Your objective - The reply should hold every line of the data, unchanged and complete.

++++++

(* Let $\mathcal I=\{x_0,x_1,x_2,\ldots\}$ be the standard infinite generating set of Thompson's group $F$ and let $T_1,T_2$ be finite rooted binary trees each with $n$ nodes. Then $d_{RA}(T_1,T_2)=|(T_1,T_2)|_{\mathcal I}$, where $|(T_1,T_2)|_{\mathcal I}$ is the word length, with respect to $\mathcal I$, of the element of $F$ represented by the tree pair diagram $(T_1,T_2)$.
   Context: Trees: finite rooted binary trees, each internal vertex (node) having a left and a right child; a tree with $n$ nodes has $n+1$ leaves numbered $0,\ldots,n$ from left to right. The right arm consists of the root and all nodes reachable from it by right edges only. Right rotation at a node $N$ whose left child $M$ is a node (with $A,B$ the subtrees of $M$, $C$ the right subtree of $N$) replaces the subtree at $N$ by one whose root has left subtree $A$ and right child a node with subtrees $B,C$; left rotation is the inverse. The right-arm rotation distance $d_{RA}(T_1,T_2)$ is the minimal number of rotations, each performed at a node on the right arm, needed to transform $T_1$ into $T_2$. Thompson's group $F=\langle x_0,x_1,\ldots\mid x_i^{-1}x_nx_i=x_{n+1}\ (i<n)\rangle$. The leaf exponent of leaf $k$ in a tree is the length of the longest upward path of left edges from leaf $k$ none of whose vertices lies on the right arm. The tree pair diagram $(T_1,T_2)$ represents the element of $F$ given by the word $x_0^{f_0}\cdots x_n^{f_n}x_n^{-e_n}\cdots x_0^{-e_0}$, where $e_i$, $f_i$ are the leaf exponents of leaf $i$ in $T_1$, $T_2$. Word length with respect to a generating set is the length of a shortest word in the generators and their inverses representing the element. *)

theory Defs
  imports Main
begin

datatype tree = Leaf | Node tree tree

fun nodes :: "tree \<Rightarrow> nat" where
  "nodes Leaf = 0"
| "nodes (Node l r) = Suc (nodes l + nodes r)"

inductive ra_step :: "tree \<Rightarrow> tree \<Rightarrow> bool" where
  rot_right: "ra_step (Node (Node A B) C) (Node A (Node B C))"
| rot_left:  "ra_step (Node A (Node B C)) (Node (Node A B) C)"
| down_right: "ra_step t t' \<Longrightarrow> ra_step (Node L t) (Node L t')"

++++++

Answer section -
(* Let $\mathcal I=\{x_0,x_1,x_2,\ldots\}$ be the standard infinite generating set of Thompson's group $F$ and let $T_1,T_2$ be finite rooted binary trees each with $n$ nodes. Then $d_{RA}(T_1,T_2)=|(T_1,T_2)|_{\mathcal I}$, where $|(T_1,T_2)|_{\mathcal I}$ is the word length, with respect to $\mathcal I$, of the element of $F$ represented by the tree pair diagram $(T_1,T_2)$.
   Context: Trees: finite rooted binary trees, each internal vertex (node) having a left and a right child; a tree with $n$ nodes has $n+1$ leaves numbered $0,\ldots,n$ from left to right. The right arm consists of the root and all nodes reachable from it by right edges only. Right rotation at a node $N$ whose left child $M$ is a node (with $A,B$ the subtrees of $M$, $C$ the right subtree of $N$) replaces the subtree at $N$ by one whose root has left subtree $A$ and right child a node with subtrees $B,C$; left rotation is the inverse. The right-arm rotation distance $d_{RA}(T_1,T_2)$ is the minimal number of rotations, each performed at a node on the right arm, needed to transform $T_1$ into $T_2$. Thompson's group $F=\langle x_0,x_1,\ldots\mid x_i^{-1}x_nx_i=x_{n+1}\ (i<n)\rangle$. The leaf exponent of leaf $k$ in a tree is the length of the longest upward path of left edges from leaf $k$ none of whose vertices lies on the right arm. The tree pair diagram $(T_1,T_2)$ represents the element of $F$ given by the word $x_0^{f_0}\cdots x_n^{f_n}x_n^{-e_n}\cdots x_0^{-e_0}$, where $e_i$, $f_i$ are the leaf exponents of leaf $i$ in $T_1$, $T_2$. Word length with respect to a generating set is the length of a shortest word in the generators and their inverses representing the element. *)

theory Defs
  imports Main
begin

datatype tree = Leaf | Node tree tree

fun nodes :: "tree \<Rightarrow> nat" where
  "nodes Leaf = 0"
| "nodes (Node l r) = Suc (nodes l + nodes r)"

inductive ra_step :: "tree \<Rightarrow> tree \<Rightarrow> bool" where
  rot_right: "ra_step (Node (Node A B) C) (Node A (Node B C))"
| rot_left:  "ra_step (Node A (Node B C)) (Node (Node A B) C)"
| down_right: "ra_step t t' \<Longrightarrow> ra_step (Node L t) (Node L t')"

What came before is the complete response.